(Problem statement) Each entry is to be retyped exactly as it stands.

[Records excerpted from a collection]
· · ·
lemma wide_pushout_of_conflations:
  fixes I :: "'i set"
  assumes ex: "exact_category C E" and xc: "exact_coproducts C E TYPE('i)" and B: "B \<in> Ob C"
    and conf: "\<forall>i \<in> I. (m i, e i) \<in> E \<and> m i \<in> hom C B (Cc i) \<and> e i \<in> hom C (Cc i) (A i)"
  obtains P c mp where "is_wide_pushout C I B Cc m P c mp" "inflation C E mp"
proof -
  have cat: "category C" using preadditive_category[OF exact_category_preadditive[OF ex]] .
  have "\<forall>i \<in> I. Cc i \<in> Ob C \<and> A i \<in> Ob C" using conf hom_Ob[OF cat] by blast
  then obtain SB uB SC uC SA uA where cB: "is_coproduct C I (\<lambda>_. B) SB uB"
    and cC: "is_coproduct C I Cc SC uC" and cA: "is_coproduct C I A SA uA"
    using exact_coproducts_coproduct_exists[OF xc] B by metis
  obtain mu where mu: "is_coproduct_mor C I SB uB SC uC m mu"
    using coproduct_mor_exists[OF cat cB cC] conf by blast
  obtain eu where eu: "is_coproduct_mor C I SC uC SA uA e eu"
    using coproduct_mor_exists[OF cat cC cA] conf by blast
  obtain s where s: "s \<in> hom C SB B" "\<forall>i \<in> I. comp C s (uB i) = ident C B"
    using coproduct_copairing[OF cB B, of "\<lambda>_. ident C B"] ident_in_hom[OF cat B] by blast
  interpret coproduct_sum_square C I B Cc m SB uB SC uC mu s
    using cat conf cB cC mu s by unfold_locales auto
  have "(mu, eu) \<in> E" using exact_coproducts_conflation[OF xc conf cB cC cA mu eu] .
  then obtain P mp q where "is_pushout C mu s P mp q" "inflation C E mp"
    using exact_category_pushout_inflation[OF ex] mu_in_hom sum_in_hom
    unfolding inflation_def hom_def by blast
  then show ?thesis using that wide_pushout_of_pushout by blast
qed

theorem lemma5p1:
  fixes C :: "('o, 'm, 'x) addcat_scheme"
    and E :: "('m \<times> 'm) set"
    and I :: "'i set"
    and B :: 'o and Cc A :: "'i \<Rightarrow> 'o" and m e :: "'i \<Rightarrow> 'm"
  assumes "exact_category C E"
    and "exact_coproducts C E TYPE('i)"
    and "B \<in> Ob C"
    and "\<forall>i \<in> I. (m i, e i) \<in> E \<and> m i \<in> hom C B (Cc i) \<and> e i \<in> hom C (Cc i) (A i)"
  shows "\<exists>P c mp. is_wide_pushout C I B Cc m P c mp \<and>
     (\<forall>SB uB SC uC SA uA mu eu s.
        is_coproduct C I (\<lambda>_. B) SB uB \<and> is_coproduct C I Cc SC uC \<and> is_coproduct C I A SA uA \<and>
        is_coproduct_mor C I SB uB SC uC m mu \<and> is_coproduct_mor C I SC uC SA uA e eu \<and>
        s \<in> hom C SB B \<and> (\<forall>i \<in> I. comp C s (uB i) = ident C B)
        \<longrightarrow> (\<exists>q d. q \<in> hom C SC P \<and> (\<forall>i \<in> I. comp C q (uC i) = c i) \<and>
               is_pushout C mu s P mp q \<and>
               d \<in> hom C P SA \<and> (mp, d) \<in> E \<and> comp C d q = eu \<and> comp C d mp = zero C B SA))"
proof -
  obtain P c mp where wp: "is_wide_pushout C I B Cc m P c mp" and infl: "inflation C E mp"
    using wide_pushout_of_conflations[OF assms] .
  have P: "P \<in> Ob C" and c: "\<forall>i \<in> I. c i \<in> hom C (Cc i) P"
    using wp unfolding is_wide_pushout_def by auto
  show ?thesis
  proof (rule exI[of _ P], rule exI[of _ c], rule exI[of _ mp], intro conjI allI impI)
    fix SB uB SC uC SA uA mu eu s
    assume H: "is_coproduct C I (\<lambda>_. B) SB uB \<and> is_coproduct C I Cc SC uC \<and>
      is_coproduct C I A SA uA \<and> is_coproduct_mor C I SB uB SC uC m mu \<and>
      is_coproduct_mor C I SC uC SA uA e eu \<and> s \<in> hom C SB B \<and> (\<forall>i \<in> I. comp C s (uB i) = ident C B)"
    interpret coproduct_sum_square C I B Cc m SB uB SC uC mu s
      using preadditive_category[OF exact_category_preadditive[OF assms(1)]] assms(4) H
      by unfold_locales auto
    obtain q where q: "q \<in> hom C SC P" "\<forall>i \<in> I. comp C q (uC i) = c i"
      using coproduct_copairing[OF coproduct_C P c] .
    have "(mu, eu) \<in> E" using exact_coproducts_conflation[OF assms(2,4)] H by blast
    moreover have "eu \<in> hom C SC SA" using H unfolding is_coproduct_mor_def by blast
    ultimately show "\<exists>q d. q \<in> hom C SC P \<and> (\<forall>i \<in> I. comp C q (uC i) = c i) \<and>
        is_pushout C mu s P mp q \<and> d \<in> hom C P SA \<and> (mp, d) \<in> E \<and>
        comp C d q = eu \<and> comp C d mp = zero C B SA"
      using pushout_of_coproduct_conflation[OF assms(1) _ _ wp infl q] q by metis
  qed (rule wp)
qed

end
· · ·
(Output for this task)
lemma wide_pushout_of_conflations:
  fixes I :: "'i set"
  assumes ex: "exact_category C E" and xc: "exact_coproducts C E TYPE('i)" and B: "B \<in> Ob C"
    and conf: "\<forall>i \<in> I. (m i, e i) \<in> E \<and> m i \<in> hom C B (Cc i) \<and> e i \<in> hom C (Cc i) (A i)"
  obtains P c mp where "is_wide_pushout C I B Cc m P c mp" "inflation C E mp"
proof -
  have cat: "category C" using preadditive_category[OF exact_category_preadditive[OF ex]] .
  have "\<forall>i \<in> I. Cc i \<in> Ob C \<and> A i \<in> Ob C" using conf hom_Ob[OF cat] by blast
  then obtain SB uB SC uC SA uA where cB: "is_coproduct C I (\<lambda>_. B) SB uB"
    and cC: "is_coproduct C I Cc SC uC" and cA: "is_coproduct C I A SA uA"
    using exact_coproducts_coproduct_exists[OF xc] B by metis
  obtain mu where mu: "is_coproduct_mor C I SB uB SC uC m mu"
    using coproduct_mor_exists[OF cat cB cC] conf by blast
  obtain eu where eu: "is_coproduct_mor C I SC uC SA uA e eu"
    using coproduct_mor_exists[OF cat cC cA] conf by blast
  obtain s where s: "s \<in> hom C SB B" "\<forall>i \<in> I. comp C s (uB i) = ident C B"
    using coproduct_copairing[OF cB B, of "\<lambda>_. ident C B"] ident_in_hom[OF cat B] by blast
  interpret coproduct_sum_square C I B Cc m SB uB SC uC mu s
    using cat conf cB cC mu s by unfold_locales auto
  have "(mu, eu) \<in> E" using exact_coproducts_conflation[OF xc conf cB cC cA mu eu] .
  then obtain P mp q where "is_pushout C mu s P mp q" "inflation C E mp"
    using exact_category_pushout_inflation[OF ex] mu_in_hom sum_in_hom
    unfolding inflation_def hom_def by blast
  then show ?thesis using that wide_pushout_of_pushout by blast
qed

theorem lemma5p1:
  fixes C :: "('o, 'm, 'x) addcat_scheme"
    and E :: "('m \<times> 'm) set"
    and I :: "'i set"
    and B :: 'o and Cc A :: "'i \<Rightarrow> 'o" and m e :: "'i \<Rightarrow> 'm"
  assumes "exact_category C E"
    and "exact_coproducts C E TYPE('i)"
    and "B \<in> Ob C"
    and "\<forall>i \<in> I. (m i, e i) \<in> E \<and> m i \<in> hom C B (Cc i) \<and> e i \<in> hom C (Cc i) (A i)"
  shows "\<exists>P c mp. is_wide_pushout C I B Cc m P c mp \<and>
     (\<forall>SB uB SC uC SA uA mu eu s.
        is_coproduct C I (\<lambda>_. B) SB uB \<and> is_coproduct C I Cc SC uC \<and> is_coproduct C I A SA uA \<and>
        is_coproduct_mor C I SB uB SC uC m mu \<and> is_coproduct_mor C I SC uC SA uA e eu \<and>
        s \<in> hom C SB B \<and> (\<forall>i \<in> I. comp C s (uB i) = ident C B)
        \<longrightarrow> (\<exists>q d. q \<in> hom C SC P \<and> (\<forall>i \<in> I. comp C q (uC i) = c i) \<and>
               is_pushout C mu s P mp q \<and>
               d \<in> hom C P SA \<and> (mp, d) \<in> E \<and> comp C d q = eu \<and> comp C d mp = zero C B SA))"
proof -
  obtain P c mp where wp: "is_wide_pushout C I B Cc m P c mp" and infl: "inflation C E mp"
    using wide_pushout_of_conflations[OF assms] .
  have P: "P \<in> Ob C" and c: "\<forall>i \<in> I. c i \<in> hom C (Cc i) P"
    using wp unfolding is_wide_pushout_def by auto
  show ?thesis
  proof (rule exI[of _ P], rule exI[of _ c], rule exI[of _ mp], intro conjI allI impI)
    fix SB uB SC uC SA uA mu eu s
    assume H: "is_coproduct C I (\<lambda>_. B) SB uB \<and> is_coproduct C I Cc SC uC \<and>
      is_coproduct C I A SA uA \<and> is_coproduct_mor C I SB uB SC uC m mu \<and>
      is_coproduct_mor C I SC uC SA uA e eu \<and> s \<in> hom C SB B \<and> (\<forall>i \<in> I. comp C s (uB i) = ident C B)"
    interpret coproduct_sum_square C I B Cc m SB uB SC uC mu s
      using preadditive_category[OF exact_category_preadditive[OF assms(1)]] assms(4) H
      by unfold_locales auto
    obtain q where q: "q \<in> hom C SC P" "\<forall>i \<in> I. comp C q (uC i) = c i"
      using coproduct_copairing[OF coproduct_C P c] .
    have "(mu, eu) \<in> E" using exact_coproducts_conflation[OF assms(2,4)] H by blast
    moreover have "eu \<in> hom C SC SA" using H unfolding is_coproduct_mor_def by blast
    ultimately show "\<exists>q d. q \<in> hom C SC P \<and> (\<forall>i \<in> I. comp C q (uC i) = c i) \<and>
        is_pushout C mu s P mp q \<and> d \<in> hom C P SA \<and> (mp, d) \<in> E \<and>
        comp C d q = eu \<and> comp C d mp = zero C B SA"
      using pushout_of_coproduct_conflation[OF assms(1) _ _ wp infl q] q by metis
  qed (rule wp)
qed

end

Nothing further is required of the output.